Instructions to follow: Look for the word "subsection" in the data below, and copy every line that holds it.
━━━ Material shown ━━━
lemma cyl_right_Suc_le:
  assumes "Q_matrix m q" "digit_seq m d"
  shows "cyl_right q d (Suc N) \<le> cyl_right q d N"
proof -
  have "acc q (Suc (d (Suc N))) (Suc N) \<le> 1"
    using acc_bounds(2)[OF assms(1)] digit_seq_le[OF assms(2)] by simp
  then show ?thesis
    using cyl_right_Suc[of q d N] cyl_len_pos[OF assms, of N] by (simp add: cyl_right_def mult_left_le)
qed

lemma DeltaQ_term_nonneg:
  assumes "Q_matrix m q" "digit_seq m d"
  shows "0 \<le> DeltaQ_term q d n"
proof -
  have "d (Suc n) \<le> Suc (m (Suc n))"
    using digit_seq_le[OF assms(2), of "Suc n"] by simp
  then show ?thesis
    unfolding DeltaQ_term_def
    using cyl_len_pos[OF assms, of n] acc_bounds(1)[OF assms(1)] by simp
qed

lemma summable_DeltaQ_term:
  assumes "Q_matrix m q" "digit_seq m d"
  shows "summable (DeltaQ_term q d)"
proof (rule bounded_imp_summable[where B = 1])
  fix n
  have "decseq (cyl_right q d)"
    by (rule decseq_SucI) (rule cyl_right_Suc_le[OF assms])
  then have "cyl_right q d (Suc n) \<le> cyl_right q d 0"
    by (simp add: decseq_def)
  then have "cyl_right q d (Suc n) \<le> 1"
    by (simp add: cyl_right_def cyl_left_def)
  then show "(\<Sum>k\<le>n. DeltaQ_term q d k) \<le> 1"
    using cyl_len_pos[OF assms, of "Suc n"] by (simp add: cyl_right_def cyl_left_def lessThan_Suc_atMost)
qed (rule DeltaQ_term_nonneg[OF assms])

lemma DeltaQ_eq_suminf:
  assumes "Q_matrix m q" "digit_seq m d"
  shows "DeltaQ q d = (\<Sum>n. DeltaQ_term q d n)"
proof -
  have "(\<Sum>k. DeltaQ_term q d (Suc k)) = (\<Sum>k. DeltaQ_term q d k) - DeltaQ_term q d 0"
    by (rule suminf_split_head[OF summable_DeltaQ_term[OF assms]])
  moreover have "DeltaQ_term q d 0 = acc q (d 1) 1"
    by (simp add: DeltaQ_term_def)
  moreover have "(\<lambda>k. DeltaQ_term q d (Suc k)) = (\<lambda>k. acc q (d (k+2)) (k+2) * (\<Prod>l\<in>{1..k+1}. q (d l) l))"
    by (simp add: DeltaQ_term_def cyl_len_def)
  ultimately show ?thesis by (simp add: DeltaQ_def)
qed

lemma DeltaQ_cong:
  assumes "\<And>n. n \<ge> 1 \<Longrightarrow> e n = e' n"
  shows "DeltaQ q e = DeltaQ q e'"
proof -
  have "(\<Prod>l\<in>{1..k+1}. q (e l) l) = (\<Prod>l\<in>{1..k+1}. q (e' l) l)" for k
    by (rule prod.cong) (auto simp: assms)
  moreover have "e 1 = e' 1" "\<And>k. e (k+2) = e' (k+2)"
    using assms by auto
  ultimately show ?thesis unfolding DeltaQ_def by simp
qed

lemma cyl_left_tendsto: "Q_matrix m q \<Longrightarrow> digit_seq m d \<Longrightarrow> cyl_left q d \<longlonglongrightarrow> DeltaQ q d"
  unfolding DeltaQ_eq_suminf cyl_left_def[abs_def] by (rule summable_LIMSEQ[OF summable_DeltaQ_term])

lemma cyl_right_tendsto: "Q_matrix m q \<Longrightarrow> digit_seq m d \<Longrightarrow> cyl_right q d \<longlonglongrightarrow> DeltaQ q d"
  unfolding cyl_right_def[abs_def]
  using tendsto_add[OF cyl_left_tendsto cyl_len_tendsto_0] by simp

lemma cyl_left_le_DeltaQ: "Q_matrix m q \<Longrightarrow> digit_seq m d \<Longrightarrow> cyl_left q d N \<le> DeltaQ q d"
  unfolding DeltaQ_eq_suminf cyl_left_def
  by (rule sum_le_suminf[OF summable_DeltaQ_term]) (auto intro: DeltaQ_term_nonneg)

lemma DeltaQ_le_cyl_right:
  assumes "Q_matrix m q" "digit_seq m d"
  shows "DeltaQ q d \<le> cyl_right q d N"
proof -
  have "decseq (cyl_right q d)"
    by (rule decseq_SucI) (rule cyl_right_Suc_le[OF assms])
  then show ?thesis using decseq_ge cyl_right_tendsto[OF assms] by blast
qed

lemma DeltaQ_in_unit_interval: "Q_matrix m q \<Longrightarrow> digit_seq m d \<Longrightarrow> DeltaQ q d \<in> {0..1}"
  using cyl_left_le_DeltaQ[of m q d 0] DeltaQ_le_cyl_right[of m q d 0]
  by (simp add: cyl_left_def cyl_right_def)
subsection \<open>Points with two expansions\<close>

lemma all_Suc_add_iff: "(\<forall>j. P (Suc (j + k))) \<longleftrightarrow> (\<forall>n>k. P n)"
  by (metis add.commute less_iff_Suc_add less_Suc_eq_le le_add2)

lemma DeltaQ_term_eq_0_iff:
  assumes "Q_matrix m q" "digit_seq m d"
  shows "DeltaQ_term q d n = 0 \<longleftrightarrow> d (Suc n) = 0"
proof -
  have "d (Suc n) \<le> Suc (m (Suc n))"
    using digit_seq_le[OF assms(2), of "Suc n"] by simp
  then show ?thesis
    using cyl_len_pos[OF assms, of n] acc_eq_iff[OF assms(1), of "Suc n" "d (Suc n)" 0]
    by (simp add: DeltaQ_term_def)
qed

lemma DeltaQ_eq_cyl_left_iff:
  assumes "Q_matrix m q" "digit_seq m d"
  shows "DeltaQ q d = cyl_left q d k \<longleftrightarrow> (\<forall>n>k. d n = 0)"
proof -
  have sm: "summable (DeltaQ_term q d)"
    by (rule summable_DeltaQ_term[OF assms])
  have "DeltaQ q d = (\<Sum>j. DeltaQ_term q d (j + k)) + cyl_left q d k"
    unfolding DeltaQ_eq_suminf[OF assms] cyl_left_def using suminf_split_initial_segment[OF sm] by blast
  moreover have "(\<Sum>j. DeltaQ_term q d (j + k)) = 0 \<longleftrightarrow> (\<forall>j. DeltaQ_term q d (j + k) = 0)"
    by (rule suminf_eq_zero_iff) (auto simp: summable_iff_shift sm DeltaQ_term_nonneg[OF assms])
  ultimately show ?thesis
    using DeltaQ_term_eq_0_iff[OF assms] all_Suc_add_iff[of "\<lambda>n. d n = 0" k] by simp
qed

lemma DeltaQ_eq_cyl_right_iff:
  assumes "Q_matrix m q" "digit_seq m d"
  shows "DeltaQ q d = cyl_right q d k \<longleftrightarrow> (\<forall>n>k. d n = m n)"
proof -
  define g where "g j = cyl_right q d (j + k) - cyl_right q d (Suc (j + k))" for j
  have "(\<lambda>j. cyl_right q d (j + k)) \<longlonglongrightarrow> DeltaQ q d"
    by (rule LIMSEQ_ignore_initial_segment[OF cyl_right_tendsto[OF assms]])
  then have sums: "g sums (cyl_right q d k - DeltaQ q d)"
    using telescope_sums' unfolding g_def[abs_def] by fastforce
  have g_eq: "g j = cyl_len q d (j + k) * (1 - acc q (Suc (d (Suc (j + k)))) (Suc (j + k)))" for j
    unfolding g_def cyl_right_Suc by (simp add: cyl_right_def algebra_simps)
  have g_nonneg: "0 \<le> g j" for j
  proof -
    let ?n = "Suc (j + k)"
    have "acc q (Suc (d ?n)) ?n \<le> 1"
      using acc_bounds(2)[OF assms(1), of ?n] digit_seq_le[OF assms(2), of ?n] by simp
    then show ?thesis using g_eq[of j] cyl_len_pos[OF assms, of "j + k"] by simp
  qed
  have g_eq_0_iff: "g j = 0 \<longleftrightarrow> d (Suc (j + k)) = m (Suc (j + k))" for j
  proof -
    let ?n = "Suc (j + k)"
    have "g j = 0 \<longleftrightarrow> acc q (Suc (d ?n)) ?n = acc q (Suc (m ?n)) ?n"
      using cyl_len_pos[OF assms, of "j + k"] acc_last[OF assms(1), of ?n] g_eq[of j] by auto
    also have "\<dots> \<longleftrightarrow> d ?n = m ?n"
      using acc_eq_iff[OF assms(1), of ?n "Suc (d ?n)" "Suc (m ?n)"] digit_seq_le[OF assms(2), of ?n]
      by simp
    finally show ?thesis .
  qed
  have "DeltaQ q d = cyl_right q d k \<longleftrightarrow> (\<forall>j. g j = 0)"
    using suminf_eq_zero_iff[OF sums_summable[OF sums] g_nonneg] sums_unique[OF sums] by auto
  then show ?thesis
    using g_eq_0_iff all_Suc_add_iff[of "\<lambda>n. d n = m n" k] by simp
qed

lemma DeltaQ_eq_iff_at_first_difference:
  assumes q: "Q_matrix m q" and e: "digit_seq m e" and e': "digit_seq m e'"
    and agree: "\<And>n. 1 \<le> n \<Longrightarrow> n \<le> j \<Longrightarrow> e n = e' n"
    and less: "e (Suc j) < e' (Suc j)"
  shows "DeltaQ q e = DeltaQ q e' \<longleftrightarrow>
    e' (Suc j) = Suc (e (Suc j)) \<and> (\<forall>n>Suc j. e n = m n) \<and> (\<forall>n>Suc j. e' n = 0)"
proof -
  let ?k = "Suc j"
  have len: "cyl_len q e j = cyl_len q e' j" and left: "cyl_left q e j = cyl_left q e' j"
    using agree by (auto intro: cyl_len_cong cyl_left_cong)
  have "e' ?k \<le> m ?k"
    using digit_seq_le[OF e'] by simp
  then have "acc q (Suc (e ?k)) ?k \<le> acc q (e' ?k) ?k"
    and acc_eq: "acc q (Suc (e ?k)) ?k = acc q (e' ?k) ?k \<longleftrightarrow> e' ?k = Suc (e ?k)"
    using acc_mono[OF q, of ?k "Suc (e ?k)" "e' ?k"] acc_eq_iff[OF q, of ?k "Suc (e ?k)" "e' ?k"] less
    by auto
  moreover have "cyl_len q e j > 0"
    by (rule cyl_len_pos[OF q e])
  ultimately have gap: "cyl_right q e ?k \<le> cyl_left q e' ?k"
    and gap_eq: "cyl_right q e ?k = cyl_left q e' ?k \<longleftrightarrow> e' ?k = Suc (e ?k)"
    using len left by (auto simp: cyl_right_Suc cyl_left_Suc)
  have "DeltaQ q e \<le> cyl_right q e ?k" "cyl_left q e' ?k \<le> DeltaQ q e'"
    using DeltaQ_le_cyl_right[OF q e] cyl_left_le_DeltaQ[OF q e'] by auto
  with gap have "DeltaQ q e = DeltaQ q e' \<longleftrightarrow>
      DeltaQ q e = cyl_right q e ?k \<and> cyl_right q e ?k = cyl_left q e' ?k \<and> cyl_left q e' ?k = DeltaQ q e'"
    by linarith
  then show ?thesis
    using DeltaQ_eq_cyl_right_iff[OF q e, of ?k] DeltaQ_eq_cyl_left_iff[OF q e', of ?k] gap_eq by metis
qed

lemma DeltaQ_eq_iff_DeltaQ_eq:
  assumes q: "Q_matrix m q" and p: "Q_matrix m p" and e: "digit_seq m e" and e': "digit_seq m e'"
  shows "DeltaQ q e = DeltaQ q e' \<longleftrightarrow> DeltaQ p e = DeltaQ p e'"
proof (cases "\<forall>n\<ge>1. e n = e' n")
  case True
  then show ?thesis using DeltaQ_cong[of e e'] by auto
next
  case False
  define k where "k = (LEAST n. n \<ge> 1 \<and> e n \<noteq> e' n)"
  have k: "k \<ge> 1" "e k \<noteq> e' k"
    unfolding k_def using False LeastI[of "\<lambda>n. n \<ge> 1 \<and> e n \<noteq> e' n"] by auto
  then obtain j where j: "k = Suc j" by (cases k) auto
  have agree: "e n = e' n" if "1 \<le> n" "n \<le> j" for n
    using not_less_Least[of n "\<lambda>n. n \<ge> 1 \<and> e n \<noteq> e' n"] that j unfolding k_def by auto
  show ?thesis
  proof (cases "e k < e' k")
    case True
    then show ?thesis
      using DeltaQ_eq_iff_at_first_difference[OF q e e' agree, of j]
        DeltaQ_eq_iff_at_first_difference[OF p e e' agree, of j] j by simp
  next
    case False
    with k have "e' (Suc j) < e (Suc j)" using j by auto
    then show ?thesis
      using DeltaQ_eq_iff_at_first_difference[OF q e' e, of j]
        DeltaQ_eq_iff_at_first_difference[OF p e' e, of j] agree by (metis (no_types, lifting))
  qed
qed

subsection \<open>Existence of an expansion\<close>

definition greedy_digit :: "(nat \<Rightarrow> nat \<Rightarrow> real) \<Rightarrow> (nat \<Rightarrow> nat) \<Rightarrow> nat \<Rightarrow> real \<Rightarrow> nat" where
  "greedy_digit q m n y = Max {i. i \<le> m n \<and> acc q i n \<le> y}"

text \<open>\<open>greedy_rest q m x N\<close> is the position of \<open>x\<close> inside its cylinder of rank \<open>N\<close>,
  rescaled to \<open>[0,1]\<close>.\<close>

primrec greedy_rest :: "(nat \<Rightarrow> nat \<Rightarrow> real) \<Rightarrow> (nat \<Rightarrow> nat) \<Rightarrow> real \<Rightarrow> nat \<Rightarrow> real" where
  "greedy_rest q m x 0 = x"
| "greedy_rest q m x (Suc n) =
    (let y = greedy_rest q m x n; i = greedy_digit q m (Suc n) y
     in (y - acc q i (Suc n)) / q i (Suc n))"

definition greedy_digits :: "(nat \<Rightarrow> nat \<Rightarrow> real) \<Rightarrow> (nat \<Rightarrow> nat) \<Rightarrow> real \<Rightarrow> nat \<Rightarrow> nat" where
  "greedy_digits q m x n = (case n of 0 \<Rightarrow> 0 | Suc k \<Rightarrow> greedy_digit q m n (greedy_rest q m x k))"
━━━
The completed task:
subsection \<open>Points with two expansions\<close>
subsection \<open>Existence of an expansion\<close>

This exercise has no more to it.